What you have to do: Your answer should be a single number: the count of lines in the listing that contain "every".

Data for review:
lemma homotopic_id_natural_map:
  fixes C :: "'a::euclidean_space set" and f F finf :: "'a \<Rightarrow> 'a"
  assumes C: "closed C" "convex_cone C"
    and d: "\<forall>x\<in>C. \<forall>y\<in>dual_cone C. inner x y = 0 \<longrightarrow> inner (f x) y \<le> 0"
    and Fcont: "continuous_on UNIV F" and Fext: "\<forall>x\<in>C. F x = f x"
    and cop: "copositive_on C finf" "finf 0 = 0"
    and "R > 0"
    and far: "\<And>x. x \<in> C \<Longrightarrow> norm x = R \<Longrightarrow> natural_map C F x \<noteq> 0 \<and>
      \<not> (\<exists>c>0. - x = c *\<^sub>R (f x - finf x)) \<and> norm (f x - finf x) \<le> norm (natural_map C F x)"
  shows "homotopic_with_canon (\<lambda>_. True) (sphere 0 R) (- {0}) id (natural_map C F)"
proof -
  have cvx: "convex C" and ne: "C \<noteq> {}" using C(2) by (auto simp: convex_cone_def)
  have "homotopic_with_canon (\<lambda>_. True) (sphere 0 R) (- {0})
      (natural_map C (\<lambda>z. (1 - 0) *\<^sub>R z + 0 *\<^sub>R F z)) (natural_map C (\<lambda>z. (1 - 1) *\<^sub>R z + 1 *\<^sub>R F z))"
  proof (rule homotopic_natural_maps[OF cvx C(1) ne])
    show "continuous_on ({0..1} \<times> sphere 0 R) (\<lambda>z. (1 - fst z) *\<^sub>R snd z + fst z *\<^sub>R F (snd z))"
      by (intro continuous_intros continuous_on_compose2[OF Fcont]) auto
    show "natural_map C (\<lambda>z. (1 - t) *\<^sub>R z + t *\<^sub>R F z) x \<noteq> 0" if "t \<in> {0..1}" "x \<in> sphere 0 R" for t x
      using natural_map_convex_homotopy_ne_0[OF C d Fext cop] far[of x] that \<open>R > 0\<close> by force
  qed
  moreover have "natural_map C (\<lambda>z. (1 - 0) *\<^sub>R z + 0 *\<^sub>R F z) = id"
    using convex_cone_contains_0[OF C(2)] by (auto simp: natural_map_def closest_point_self)
  ultimately show ?thesis by simp
qed

lemma homotopic_natural_map_shift:
  fixes C :: "'a::euclidean_space set" and f F :: "'a \<Rightarrow> 'a"
  assumes C: "closed C" "convex_cone C"
    and d: "\<forall>x\<in>C. \<forall>y\<in>dual_cone C. inner x y = 0 \<longrightarrow> inner (f x) y \<le> 0"
    and Fcont: "continuous_on UNIV F" and Fext: "\<forall>x\<in>C. F x = f x"
    and "q \<in> C"
    and far: "\<And>x. x \<in> C \<Longrightarrow> norm x = R \<Longrightarrow> norm q < norm (natural_map C F x)"
  shows "homotopic_with_canon (\<lambda>_. True) (sphere 0 R) (- {0}) (natural_map C F) (natural_map C (\<lambda>z. F z - q))"
proof -
  have cvx: "convex C" and ne: "C \<noteq> {}" using C(2) by (auto simp: convex_cone_def)
  have "homotopic_with_canon (\<lambda>_. True) (sphere 0 R) (- {0})
      (natural_map C (\<lambda>z. F z - 0 *\<^sub>R q)) (natural_map C (\<lambda>z. F z - 1 *\<^sub>R q))"
  proof (rule homotopic_natural_maps[OF cvx C(1) ne])
    show "continuous_on ({0..1} \<times> sphere 0 R) (\<lambda>z. F (snd z) - fst z *\<^sub>R q)"
      by (intro continuous_intros continuous_on_compose2[OF Fcont]) auto
    show "natural_map C (\<lambda>z. F z - s *\<^sub>R q) x \<noteq> 0" if "s \<in> {0..1}" "x \<in> sphere 0 R" for s x
      using natural_map_shift_ne_0[OF C d Fext \<open>q \<in> C\<close>] far[of x] that by force
  qed
  then show ?thesis by simp
qed

theorem corollary3p1:
  fixes C :: "'a::euclidean_space set"
    and f F finf :: "'a \<Rightarrow> 'a"
    and \<gamma> :: real
  assumes cone: "closed C" "convex_cone C"
    and gamma: "\<gamma> > 0"
    and whom: "weakly_homogeneous_with C \<gamma> f finf"
    and Fcont: "continuous_on UNIV F"
    and Fext: "\<forall>x\<in>C. F x = f x"
    and a: "copositive_on C finf"
    and b: "\<exists>R. \<forall>x\<in>C. norm x \<ge> R \<longrightarrow> \<not> (\<exists>c>0. - x = c *\<^sub>R (f x - finf x))"
    and c1: "filterlim (\<lambda>x. norm (natural_map C F x)) at_top (inf at_infinity (principal C))"
    and c2: "\<exists>R. \<forall>x\<in>C. norm x \<ge> R \<longrightarrow> norm (f x - finf x) \<le> norm (natural_map C F x)"
    and d: "\<forall>x\<in>C. \<forall>y\<in>dual_cone C. inner x y = 0 \<longrightarrow> inner (f x) y \<le> 0"
  shows "\<forall>q\<in>C. \<exists>x\<in>C. f x = q"
proof
  fix q assume "q \<in> C"
  have cvx: "convex C" and ne: "C \<noteq> {}" and "0 \<in> C"
    using cone(2) convex_cone_contains_0 by (auto simp: convex_cone_def)
  have "finf 0 = 0"
    using whom pos_homogeneous_on_0 \<open>0 \<in> C\<close> gamma by (auto simp: weakly_homogeneous_with_def)
  have "\<forall>\<^sub>F x in inf at_infinity (principal C). norm q < norm (natural_map C F x)"
    using c1 by (simp add: filterlim_at_top_dense)
  moreover have "\<forall>\<^sub>F x in inf at_infinity (principal C). \<not> (\<exists>c>0. - x = c *\<^sub>R (f x - finf x))"
    using b by (auto simp: eventually_inf_principal eventually_at_infinity)
  moreover have "\<forall>\<^sub>F x in inf at_infinity (principal C). norm (f x - finf x) \<le> norm (natural_map C F x)"
    using c2 by (auto simp: eventually_inf_principal eventually_at_infinity)
  ultimately have "\<forall>\<^sub>F x in inf at_infinity (principal C). norm q < norm (natural_map C F x) \<and>
      \<not> (\<exists>c>0. - x = c *\<^sub>R (f x - finf x)) \<and> norm (f x - finf x) \<le> norm (natural_map C F x)"
    by (intro eventually_conj)
  then obtain R where "R > 0" and far: "\<And>x. x \<in> C \<Longrightarrow> norm x = R \<Longrightarrow> norm q < norm (natural_map C F x) \<and>
      \<not> (\<exists>c>0. - x = c *\<^sub>R (f x - finf x)) \<and> norm (f x - finf x) \<le> norm (natural_map C F x)"
    by (erule eventually_at_infinity_principal_sphere)
  have "homotopic_with_canon (\<lambda>_. True) (sphere 0 R) (- {0}) id (natural_map C F)"
    by (rule homotopic_id_natural_map[OF cone d Fcont Fext a \<open>finf 0 = 0\<close> \<open>R > 0\<close>])
      (use far in fastforce)
  moreover have "homotopic_with_canon (\<lambda>_. True) (sphere 0 R) (- {0})
      (natural_map C F) (natural_map C (\<lambda>z. F z - q))"
    by (rule homotopic_natural_map_shift[OF cone d Fcont Fext \<open>q \<in> C\<close>])
      (use far in fastforce)
  ultimately have "homotopic_with_canon (\<lambda>_. True) (sphere 0 R) (- {0}) id (natural_map C (\<lambda>z. F z - q))"
    by (rule homotopic_with_trans)
  moreover have "continuous_on (cball 0 R) (natural_map C (\<lambda>z. F z - q))"
    using Fcont by (intro continuous_on_natural_map[OF cvx cone(1) ne] continuous_intros)
  ultimately have "\<exists>x\<in>cball 0 R. natural_map C (\<lambda>z. F z - q) x = 0"
    by (rule homotopic_id_on_sphere_imp_zero[OF \<open>R > 0\<close>])
  then obtain x where zero: "natural_map C (\<lambda>z. F z - q) x = 0" by blast
  have "\<forall>z\<in>C. F z - q = 0 *\<^sub>R z + 1 *\<^sub>R f z - q" using Fext by simp
  from natural_map_affine_eq_0_imp_eq[OF cone d this order_refl zero_le_one \<open>q \<in> C\<close> zero]
  show "\<exists>x\<in>C. f x = q" by auto
qed
(* Let $A$ be a nonzero ring and $X$ a simplicial set. The following are equivalent: (i) for every simplex $\sigma\in X$ there exists $\phi\in A^{(X)}$ with $\phi(\sigma)\neq0$; (ii) $X$ is locally finite.
   Context: For a ring $A$, $A^{\Delta^n}=A\otimes\mathbb Z[t_0,\dots,t_n]/(t_0+\dots+t_n-1)$, forming a simplicial ring $A^{\Delta^\bullet}$; $A^X=\hom_{\mathrm{sSet}}(X,A^{\Delta^\bullet})$ with pointwise ring structure. The support of $\phi\in A^X$ is the simplicial subset generated by $\{\sigma\in X:\phi(\sigma)\neq0\}$, and $A^{(X)}$ is the set of $\phi$ with finite support (finitely many nondegenerate simplices). A simplicial set $X$ is locally finite if for every simplex $\sigma$ the set of nondegenerate simplices $\tau$ with $\langle\tau\rangle\supset\langle\sigma\rangle$ is finite, where $\langle\sigma\rangle$ is the simplicial subset generated by $\sigma$. *)

theory Defs
  imports "HOL-Library.Poly_Mapping"
begin

text \<open>A morphism [m] -> [n] of the simplex category: a monotone map {0..m} -> {0..n}
  (represented by a function nat => nat; only its values on {0..m} matter).\<close>
definition dmap :: "nat \<Rightarrow> nat \<Rightarrow> (nat \<Rightarrow> nat) \<Rightarrow> bool" where
  "dmap m n \<theta> \<longleftrightarrow> (\<forall>i\<le>m. \<theta> i \<le> n) \<and> (\<forall>i j. i \<le> j \<longrightarrow> j \<le> m \<longrightarrow> \<theta> i \<le> \<theta> j)"

text \<open>A simplicial set: sets of n-simplices X n, and for each theta : [m] -> [n]
  the induced map  act n m theta : X n -> X m, functorially (contravariant).\<close>
definition simplicial_set ::
  "(nat \<Rightarrow> 'x set) \<Rightarrow> (nat \<Rightarrow> nat \<Rightarrow> (nat \<Rightarrow> nat) \<Rightarrow> 'x \<Rightarrow> 'x) \<Rightarrow> bool" where
  "simplicial_set X act \<longleftrightarrow>
     (\<forall>m n \<theta> \<sigma>. dmap m n \<theta> \<longrightarrow> \<sigma> \<in> X n \<longrightarrow> act n m \<theta> \<sigma> \<in> X m) \<and>
     (\<forall>m n \<theta> \<theta>' \<sigma>. (\<forall>i\<le>m. \<theta> i = \<theta>' i) \<longrightarrow> act n m \<theta> \<sigma> = act n m \<theta>' \<sigma>) \<and>
     (\<forall>n \<sigma>. \<sigma> \<in> X n \<longrightarrow> act n n id \<sigma> = \<sigma>) \<and>
     (\<forall>l m n \<theta> \<psi> \<sigma>. dmap m n \<theta> \<longrightarrow> dmap l m \<psi> \<longrightarrow> \<sigma> \<in> X n \<longrightarrow>
        act m l \<psi> (act n m \<theta> \<sigma>) = act n l (\<theta> \<circ> \<psi>) \<sigma>)"

definition simplices :: "(nat \<Rightarrow> 'x set) \<Rightarrow> (nat \<times> 'x) set" where
  "simplices X = {(n, \<sigma>). \<sigma> \<in> X n}"

definition generated ::
  "(nat \<Rightarrow> nat \<Rightarrow> (nat \<Rightarrow> nat) \<Rightarrow> 'x \<Rightarrow> 'x) \<Rightarrow> (nat \<times> 'x) set \<Rightarrow> (nat \<times> 'x) set" where
  "generated act S = {(m, act n m \<theta> \<tau>) | m n \<theta> \<tau>. (n, \<tau>) \<in> S \<and> dmap m n \<theta>}"

definition nondegenerate ::
  "(nat \<Rightarrow> 'x set) \<Rightarrow> (nat \<Rightarrow> nat \<Rightarrow> (nat \<Rightarrow> nat) \<Rightarrow> 'x \<Rightarrow> 'x) \<Rightarrow> nat \<times> 'x \<Rightarrow> bool" where
  "nondegenerate X act s \<longleftrightarrow> (case s of (n, \<sigma>) \<Rightarrow>
     \<sigma> \<in> X n \<and> \<not> (\<exists>k \<theta> \<tau>. k < n \<and> dmap n k \<theta> \<and> \<tau> \<in> X k \<and> \<sigma> = act k n \<theta> \<tau>))"

definition locally_finite ::
  "(nat \<Rightarrow> 'x set) \<Rightarrow> (nat \<Rightarrow> nat \<Rightarrow> (nat \<Rightarrow> nat) \<Rightarrow> 'x \<Rightarrow> 'x) \<Rightarrow> bool" where
  "locally_finite X act \<longleftrightarrow> (\<forall>s \<in> simplices X.
     finite {t. nondegenerate X act t \<and> generated act {s} \<subseteq> generated act {t}})"

text \<open>Polynomials over A in the variables t_0, t_1, ... (finitely supported).\<close>
type_synonym 'a pol = "(nat \<Rightarrow>\<^sub>0 nat) \<Rightarrow>\<^sub>0 'a"

definition var :: "nat \<Rightarrow> 'a::comm_ring_1 pol" where
  "var i = Poly_Mapping.single (Poly_Mapping.single i 1) 1"

definition vars_le :: "nat \<Rightarrow> 'a::comm_ring_1 pol \<Rightarrow> bool" where
  "vars_le n p \<longleftrightarrow> (\<forall>mon::nat \<Rightarrow>\<^sub>0 nat. mon \<in> Poly_Mapping.keys p \<longrightarrow> Poly_Mapping.keys mon \<subseteq> {0..n})"

definition subst :: "(nat \<Rightarrow> 'a::comm_ring_1 pol) \<Rightarrow> 'a pol \<Rightarrow> 'a pol" where
  "subst f p = (\<Sum>mon::nat \<Rightarrow>\<^sub>0 nat \<in> Poly_Mapping.keys p.
                   Poly_Mapping.single 0 (Poly_Mapping.lookup p mon) *
                   (\<Prod>i::nat \<in> Poly_Mapping.keys mon. f i ^ Poly_Mapping.lookup mon i))"

text \<open>The relation t_0 + ... + t_n - 1 defining A^{Delta^n}.\<close>
definition simplex_rel :: "nat \<Rightarrow> 'a::comm_ring_1 pol" where
  "simplex_rel n = (\<Sum>i\<le>n. var i) - 1"

text \<open>Equality in A^{Delta^n} = A[t_0..t_n]/(t_0+...+t_n-1) of representatives.\<close>
definition eq_Delta :: "nat \<Rightarrow> 'a::comm_ring_1 pol \<Rightarrow> 'a pol \<Rightarrow> bool" where
  "eq_Delta n p q \<longleftrightarrow> (\<exists>r. vars_le n r \<and> p - q = r * simplex_rel n)"

text \<open>The map A^{Delta^n} -> A^{Delta^m} induced by theta : [m] -> [n]:
  t_i |-> sum of t_j over j <= m with theta j = i.\<close>
definition pull :: "nat \<Rightarrow> (nat \<Rightarrow> nat) \<Rightarrow> 'a::comm_ring_1 pol \<Rightarrow> 'a pol" where
  "pull m \<theta> p = subst (\<lambda>i. \<Sum>j \<in> {j. j \<le> m \<and> \<theta> j = i}. var j) p"

text \<open>A simplicial map phi : X -> A^{Delta^\<bullet>}, given by representatives phi n sigma
  in A[t_0..t_n] of its values in A^{Delta^n}.\<close>
definition sset_map_Delta ::
  "(nat \<Rightarrow> 'x set) \<Rightarrow> (nat \<Rightarrow> nat \<Rightarrow> (nat \<Rightarrow> nat) \<Rightarrow> 'x \<Rightarrow> 'x) \<Rightarrow> (nat \<Rightarrow> 'x \<Rightarrow> 'a::comm_ring_1 pol) \<Rightarrow> bool" where
  "sset_map_Delta X act \<phi> \<longleftrightarrow>
     (\<forall>n \<sigma>. \<sigma> \<in> X n \<longrightarrow> vars_le n (\<phi> n \<sigma>)) \<and>
     (\<forall>m n \<theta> \<sigma>. dmap m n \<theta> \<longrightarrow> \<sigma> \<in> X n \<longrightarrow>
        eq_Delta m (\<phi> m (act n m \<theta> \<sigma>)) (pull m \<theta> (\<phi> n \<sigma>)))"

Written answer: 2